As the office becomes a destination to facilitate learning and development, the workplace should look to recent movements in the leading learning faculties around the world. At forward-thinking universities such as in Sheffield, teaching is slowly moving away from the sort that takes place in lecture halls that demands students to follow a PowerPoint presentation. Instead, open-plan, flexible and evolving learning environments are taking shape that encourage engagement and mutual learning. At world-leading performing arts school LMA, we adapted our knowledge of the elements required to deliver a successful workplace to craft an environment for students to learn their arts and follow their passions.

To support this style of teaching, it’s important to use a range of comfort-based, relaxed furnishings such as sofas, beanbags and high-seating scrum stations. As students using these spaces graduate from university and enter the world of work, they will be accustomed to the practice of thriving in coffee shops and casual settings and will be receptive to this type of office environment. Of course, it’s also important to provide robust seating and workstations, to support posture and different styles of working. This was another important factor outlined by our Office of the Future report which revealed that 73% of respondents value comfortable seating in the workplace. But, by providing a range of seating environments, workspaces can cater for flexibility and a change of scenery.

Active workplaces

With a renewed awareness in the need to look after our health, workplaces are set to encourage the pursuit of physical activity. We went for walks during lockdown and witnessed first-hand the marked benefits this had on our physical and mental wellbeing and enjoyed exercising in lieu of commuting. We know that exercise exposes our brain to more oxygen, which helps to foster creative thinking and improved energy levels and  helps us to be more productive.

Whether it’s a workplace that can transform meeting rooms into a yoga studio or terrace spaces, a workplace that provides shower and bike-storage facilities, or a workplace with sit-stand desks, design should reflect and encourage physical movement. Designing a floorplan which allows occupants to navigate around the office to create their own desire paths is key to elevating physical and mental wellbeing in the office.
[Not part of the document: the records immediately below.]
(* Let $R\ge0$ and let $X$ be an $R$-rough geodesic metric space. If $X$ is strongly shortcut then every asymptotic cone of $X$ is strongly shortcut.
   Context: $X$ is $R$-rough geodesic if any $x_1,x_2$ are joined by $f\colon[0,\ell]\to X$, $\ell=d(x_1,x_2)$, $f(0)=x_1,f(\ell)=x_2$, with $|d(f(s),f(t))-|s-t||\le R$. An $R$-circle is a map $\alpha\colon S\to X$ from a Riemannian circle $S$ of length $|S|$ with $d(\alpha(p),\alpha(q))\le d_S(p,q)+R$; for $K>1$ it is $\frac1K$-almost isometric if $d(\alpha(p),\alpha(\bar p))\ge\frac1K\cdot\frac{|S|}2$ for all antipodal $p,\bar p$. An $R$-rough geodesic space is strongly shortcut if for some $K>1$ there is a bound on the lengths of its $\frac1K$-almost isometric $R$-circles (an asymptotic cone of $X$ is a geodesic space, so this applies to it with $R=0$). Asymptotic cone: for a nonprincipal ultrafilter $\mathscr U$ on $\mathbb N$, basepoints $b^{(m)}\in X$ and scalars $s^{(m)}\to\infty$, take sequences $(x_m)$ with $d(x_m,b^{(m)})/s^{(m)}$ bounded, pseudometric $\lim_{\mathscr U}d(x_m,x'_m)/s^{(m)}$, and pass to the metric quotient. *)

theory Defs
  imports "HOL-Analysis.Analysis"
begin

definition rough_geodesic :: "'a set \<Rightarrow> ('a \<Rightarrow> 'a \<Rightarrow> real) \<Rightarrow> real \<Rightarrow> bool" where
  "rough_geodesic S d R \<longleftrightarrow>
     (\<forall>x1\<in>S. \<forall>x2\<in>S. \<exists>f :: real \<Rightarrow> 'a.
        f ` {0..d x1 x2} \<subseteq> S \<and> f 0 = x1 \<and> f (d x1 x2) = x2 \<and>
        (\<forall>s\<in>{0..d x1 x2}. \<forall>t\<in>{0..d x1 x2}. \<bar>d (f s) (f t) - \<bar>s - t\<bar>\<bar> \<le> R))"

text \<open>The Riemannian circle of length L > 0 is modelled as [0,L) with the intrinsic metric.\<close>

definition circ_dist :: "real \<Rightarrow> real \<Rightarrow> real \<Rightarrow> real" where
  "circ_dist L p q = min \<bar>p - q\<bar> (L - \<bar>p - q\<bar>)"

definition antipode :: "real \<Rightarrow> real \<Rightarrow> real" where
  "antipode L p = (if p + L / 2 < L then p + L / 2 else p - L / 2)"

definition R_circle :: "'a set \<Rightarrow> ('a \<Rightarrow> 'a \<Rightarrow> real) \<Rightarrow> real \<Rightarrow> real \<Rightarrow> (real \<Rightarrow> 'a) \<Rightarrow> bool" where
  "R_circle S d R L \<alpha> \<longleftrightarrow> L > 0 \<and> \<alpha> ` {0..<L} \<subseteq> S \<and>
     (\<forall>p\<in>{0..<L}. \<forall>q\<in>{0..<L}. d (\<alpha> p) (\<alpha> q) \<le> circ_dist L p q + R)"

definition almost_isometric :: "('a \<Rightarrow> 'a \<Rightarrow> real) \<Rightarrow> real \<Rightarrow> real \<Rightarrow> (real \<Rightarrow> 'a) \<Rightarrow> bool" where
  "almost_isometric d K L \<alpha> \<longleftrightarrow>
     (\<forall>p\<in>{0..<L}. d (\<alpha> p) (\<alpha> (antipode L p)) \<ge> (1 / K) * (L / 2))"

definition strongly_shortcut :: "'a set \<Rightarrow> ('a \<Rightarrow> 'a \<Rightarrow> real) \<Rightarrow> real \<Rightarrow> bool" where
  "strongly_shortcut S d R \<longleftrightarrow>
     (\<exists>K > 1. \<exists>M. \<forall>L \<alpha>. R_circle S d R L \<alpha> \<and> almost_isometric d K L \<alpha> \<longrightarrow> L \<le> M)"

definition nonprincipal_ultrafilter :: "nat filter \<Rightarrow> bool" where
  "nonprincipal_ultrafilter U \<longleftrightarrow> U \<noteq> bot \<and>
     (\<forall>P. eventually P U \<or> eventually (\<lambda>m. \<not> P m) U) \<and>
     (\<forall>n. eventually (\<lambda>m. m \<noteq> n) U)"

text \<open>Asymptotic cone: admissible sequences, ultralimit pseudometric, metric quotient.\<close>

definition cone_seqs :: "('b \<Rightarrow> 'b \<Rightarrow> real) \<Rightarrow> (nat \<Rightarrow> 'b) \<Rightarrow> (nat \<Rightarrow> real) \<Rightarrow> (nat \<Rightarrow> 'b) set" where
  "cone_seqs d b s = {x. \<exists>B. \<forall>m. d (x m) (b m) / s m \<le> B}"

definition cone_pdist :: "('b \<Rightarrow> 'b \<Rightarrow> real) \<Rightarrow> nat filter \<Rightarrow> (nat \<Rightarrow> real) \<Rightarrow> (nat \<Rightarrow> 'b) \<Rightarrow> (nat \<Rightarrow> 'b) \<Rightarrow> real" where
  "cone_pdist d U s x y = Lim U (\<lambda>m. d (x m) (y m) / s m)"

definition cone_space :: "('b \<Rightarrow> 'b \<Rightarrow> real) \<Rightarrow> nat filter \<Rightarrow> (nat \<Rightarrow> 'b) \<Rightarrow> (nat \<Rightarrow> real) \<Rightarrow> (nat \<Rightarrow> 'b) set set" where
  "cone_space d U b s =
     (\<lambda>x. {y \<in> cone_seqs d b s. cone_pdist d U s x y = 0}) ` cone_seqs d b s"

definition cone_dist :: "('b \<Rightarrow> 'b \<Rightarrow> real) \<Rightarrow> nat filter \<Rightarrow> (nat \<Rightarrow> real) \<Rightarrow> (nat \<Rightarrow> 'b) set \<Rightarrow> (nat \<Rightarrow> 'b) set \<Rightarrow> real" where
  "cone_dist d U s A B = cone_pdist d U s (SOME x. x \<in> A) (SOME y. y \<in> B)"

end

theory Submission
  imports Defs
begin

text \<open>
  Let K > 1 witness that X is strongly shortcut and let K' = (K + 1) / 2. Suppose the cone carried a
  1/K'-almost isometric circle of length L > 0. Sample it at n equally spaced points. Along the
  ultrafilter these samples are represented, at arbitrarily large scales S, by n points of X whose
  mutual distances are S times the cone distances up to a small relative error. Joining consecutive
  points by R-rough geodesics (padded by time R at both ends) gives an R-circle in X of length about
  S L, and since K' < K it is still 1/K-almost isometric once n is large. As S is arbitrary this
  contradicts the length bound in X, so the cone has no 1/K'-almost isometric circles at all.
\<close>

section \<open>Ultralimits and asymptotic cones\<close>

lemma nonprincipal_ultrafilter_le_sequentially:
  assumes "nonprincipal_ultrafilter U"
  shows "U \<le> sequentially"
proof (rule filter_leI)
  fix P assume "eventually P sequentially"
  then have "finite {m. \<not> P m}"
    by (simp add: cofinite_eq_sequentially[symmetric] eventually_cofinite)
  then have "eventually (\<lambda>m. \<forall>n\<in>{m. \<not> P m}. m \<noteq> n) U"
    using assms by (intro eventually_ball_finite) (auto simp: nonprincipal_ultrafilter_def)
  then show "eventually P U"
    by (rule eventually_mono) blast
qed

lemma ultrafilter_tendsto_Lim:
  fixes f :: "'i \<Rightarrow> 'b::t2_space"
  assumes nontriv: "U \<noteq> bot" and ultra: "\<And>P. eventually P U \<or> eventually (\<lambda>i. \<not> P i) U"
    and "compact C" and "eventually (\<lambda>i. f i \<in> C) U"
  shows "(f \<longlongrightarrow> Lim U f) U"
proof -
  have "filtermap f U \<noteq> bot" and "eventually (\<lambda>x. x \<in> C) (filtermap f U)"
    using assms by (simp_all add: filtermap_bot_iff eventually_filtermap)
  then obtain x where x: "inf (nhds x) (filtermap f U) \<noteq> bot"
    using \<open>compact C\<close> unfolding compact_filter by blast
  have "(f \<longlongrightarrow> x) U"
  proof (rule topological_tendstoI)
    fix S assume "open S" "x \<in> S"
    show "eventually (\<lambda>i. f i \<in> S) U"
    proof (rule ccontr)
      assume "\<not> eventually (\<lambda>i. f i \<in> S) U"
      then have "eventually (\<lambda>y. y \<notin> S) (filtermap f U)"
        using ultra by (auto simp: eventually_filtermap)
      moreover have "eventually (\<lambda>y. y \<in> S) (nhds x)"
        using \<open>open S\<close> \<open>x \<in> S\<close> by (rule eventually_nhds_in_open)
      ultimately have "eventually (\<lambda>_. False) (inf (nhds x) (filtermap f U))"
        unfolding eventually_inf by blast
      with x show False by (simp add: eventually_False)
    qed
  qed
  with nontriv show ?thesis by (simp add: tendsto_Lim)
qed

lemma cone_pdist_tendsto:
  fixes b :: "nat \<Rightarrow> 'a::metric_space"
  assumes U: "nonprincipal_ultrafilter U" and s: "filterlim s at_top sequentially"
    and x: "x \<in> cone_seqs dist b s" and y: "y \<in> cone_seqs dist b s"
  shows "((\<lambda>m. dist (x m) (y m) / s m) \<longlongrightarrow> cone_pdist dist U s x y) U"
proof -
  obtain Bx where Bx: "\<And>m. dist (x m) (b m) / s m \<le> Bx" using x by (auto simp: cone_seqs_def)
  obtain By where By: "\<And>m. dist (y m) (b m) / s m \<le> By" using y by (auto simp: cone_seqs_def)
  have "eventually (\<lambda>m. s m > 0) sequentially"
    using s by (simp add: filterlim_at_top_dense)
  then have "eventually (\<lambda>m. s m > 0) U"
    by (rule filter_leD[OF nonprincipal_ultrafilter_le_sequentially[OF U]])
  then have "eventually (\<lambda>m. dist (x m) (y m) / s m \<in> cball 0 (Bx + By)) U"
  proof (rule eventually_mono)
    fix m assume "s m > 0"
    moreover have "dist (x m) (y m) \<le> dist (x m) (b m) + dist (y m) (b m)"
      by (rule dist_triangle2)
    ultimately have "dist (x m) (y m) / s m \<le> dist (x m) (b m) / s m + dist (y m) (b m) / s m"
      by (simp add: add_divide_distrib[symmetric] divide_right_mono)
    with \<open>s m > 0\<close> Bx[of m] By[of m] show "dist (x m) (y m) / s m \<in> cball 0 (Bx + By)"
      by simp
  qed
  with U show ?thesis
    unfolding cone_pdist_def nonprincipal_ultrafilter_def
    by (intro ultrafilter_tendsto_Lim[where C = "cball 0 (Bx + By)"]) auto
qed

lemma cone_space_some_mem:
  assumes "nonprincipal_ultrafilter U" and "A \<in> cone_space dist U b s"
  shows "(SOME x. x \<in> A) \<in> A \<inter> cone_seqs dist b s"
proof -
  obtain x where x: "x \<in> cone_seqs dist b s"
    and A: "A = {y \<in> cone_seqs dist b s. cone_pdist dist U s x y = 0}"
    using assms(2) by (auto simp: cone_space_def)
  have "U \<noteq> bot" using assms(1) by (simp add: nonprincipal_ultrafilter_def)
  then have "cone_pdist dist U s x x = 0" unfolding cone_pdist_def by (simp add: tendsto_Lim)
  with x A have "x \<in> A" by simp
  then have "(SOME x. x \<in> A) \<in> A" by (metis someI)
  with A show ?thesis by blast
qed
lemma fourier_shift_delta:
  assumes "x < 2^k"
  shows "(\<Sum>j<2^k. fourier_coeff (-1) k z j * cis (- 2 * pi * real c * real j / 2^k) * fourier_coeff 1 k j x) =
    (if x = (z + c) mod 2^k then 1 else 0)"
proof -
  let ?K = "(2::nat)^k"
  have "(\<Sum>j<?K. fourier_coeff (-1) k z j * cis (- 2 * pi * real c * real j / 2^k) * fourier_coeff 1 k j x) =
      (\<Sum>j<?K. cis (2 * pi * real j * of_int (int x - int z - int c) / real ?K)) / 2^k"
    unfolding sum_divide_distrib by (intro sum.cong refl) (rule fourier_coeff_product)
  also have "\<dots> = (if int ?K dvd (int x - int z - int c) then 1 else 0)"
    by (subst sum_roots_of_unity) simp_all
  also have "int ?K dvd (int x - int z - int c) \<longleftrightarrow> x = (z + c) mod ?K"
  proof -
    have "int ?K dvd (int x - int z - int c) \<longleftrightarrow> int x mod int ?K = (int z + int c) mod int ?K"
      by (simp add: mod_eq_dvd_iff diff_diff_eq)
    also have "\<dots> \<longleftrightarrow> x mod ?K = (z + c) mod ?K"
      by (metis of_nat_add of_nat_eq_iff zmod_int)
    finally show ?thesis using assms by simp
  qed
  finally show ?thesis .
qed

text \<open>The shift theorem: conjugating a diagonal phase by the Fourier transform gives a cyclic
  shift of the low qubits, here by an amount depending on the high qubits.\<close>

lemma apply_fourier_conjugate:
  assumes "k \<le> m" "y < 2^m"
    and D: "\<And>w u. w < 2^m \<Longrightarrow>
      apply_circuit m D u w = cis (- 2 * pi * real (sh (w div 2^k)) * real (w mod 2^k) / 2^k) * u w"
  shows "apply_circuit m (qft_gates m (-1) k @ D @ qft_gates m 1 k) v y =
    v (y div 2^k * 2^k + (y mod 2^k + sh (y div 2^k)) mod 2^k)"
proof -
  let ?K = "(2::nat)^k"
  define hi where "hi = y div ?K"
  define z where "z = y mod ?K"
  define c where "c = sh hi"
  define a where "a j = fourier_coeff (-1) k z j * cis (- 2 * pi * real c * real j / 2^k)" for j
  have less: "hi * ?K + j < 2^m" if "j < ?K" for j
    using high_part_plus_less_power[OF assms(2,1) that] by (simp add: hi_def)
  have delta: "(\<Sum>j<?K. a j * fourier_coeff 1 k j x) = (if x = (z + c) mod ?K then 1 else 0)" if "x < ?K" for x
    unfolding a_def using fourier_shift_delta[OF that] by simp
  have "apply_circuit m (qft_gates m (-1) k @ D @ qft_gates m 1 k) v y =
      (\<Sum>j<?K. fourier_coeff (-1) k z j *
        apply_circuit m D (apply_circuit m (qft_gates m 1 k) v) (hi * ?K + j))"
    using apply_qft_gates[of "-1" k m y] assms(1,2)
    by (simp add: apply_circuit_append fourier_low_def hi_def z_def)
  also have "\<dots> = (\<Sum>j<?K. a j * (\<Sum>x<?K. fourier_coeff 1 k j x * v (hi * ?K + x)))"
    unfolding a_def using less apply_qft_gates[of 1 k m] assms(1)
    by (intro sum.cong refl) (simp add: D c_def mult.assoc fourier_low_def)
  also have "\<dots> = (\<Sum>j<?K. \<Sum>x<?K. a j * fourier_coeff 1 k j x * v (hi * ?K + x))"
    by (simp add: sum_distrib_left mult.assoc)
  also have "\<dots> = (\<Sum>x<?K. \<Sum>j<?K. a j * fourier_coeff 1 k j x * v (hi * ?K + x))"
    by (rule sum.swap)
  also have "\<dots> = (\<Sum>x<?K. (\<Sum>j<?K. a j * fourier_coeff 1 k j x) * v (hi * ?K + x))"
    by (simp add: sum_distrib_right)
  also have "\<dots> = (\<Sum>x<?K. if x = (z + c) mod ?K then v (hi * ?K + x) else 0)"
    using delta by (intro sum.cong refl) simp
  also have "\<dots> = v (hi * ?K + (z + c) mod ?K)"
    by simp
  finally show ?thesis by (simp add: hi_def z_def c_def)
qed

definition add_low :: "nat \<Rightarrow> nat \<Rightarrow> nat \<Rightarrow> nat" where
  "add_low k s y = y div 2^k * 2^k + (y mod 2^k + s) mod 2^k"

definition shift_gates :: "nat \<Rightarrow> nat \<Rightarrow> nat \<Rightarrow> complex mat list" where
  "shift_gates m k s = qft_gates m (-1) k @ phase_layer m (- 2 * pi * real s / 2^k) k @ qft_gates m 1 k"

definition cshift_gates :: "nat \<Rightarrow> nat \<Rightarrow> nat \<Rightarrow> nat \<Rightarrow> complex mat list" where
  "cshift_gates m c k s = qft_gates m (-1) k @ cphase_layer m c (- 2 * pi * real s / 2^k) k @ qft_gates m 1 k"

lemma apply_shift_gates:
  "k \<le> m \<Longrightarrow> y < 2^m \<Longrightarrow> apply_circuit m (shift_gates m k s) v y = v (add_low k s y)"
  unfolding shift_gates_def add_low_def
  by (rule apply_fourier_conjugate[where sh = "\<lambda>_. s", simplified])
    (simp_all add: apply_phase_layer field_simps)

lemma qbit_above_low: "k < c \<Longrightarrow> qbit w c \<longleftrightarrow> odd (w div 2^k div 2^(c - 1 - k))"
proof -
  assume "k < c"
  then have "(2::nat)^(c - 1) = 2^k * 2^(c - 1 - k)" by (simp flip: power_add)
  then show ?thesis by (simp add: qbit_def div_mult2_eq)
qed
In summary, the workplace we’ll find ourselves in will neither champion the home nor the office as we knew it. Combining the two, offices will be designed in a way that takes the aspects that we enjoy from both, to create a harmonious surrounding that caters for work and play for colleagues and clients of every personality type. Importantly, we as individuals in society have had more control and more autonomy over our respective working environments than ever before and employers will need to take these learnings into consideration in order to create a workplace that supports and elevates wellbeing and productivity.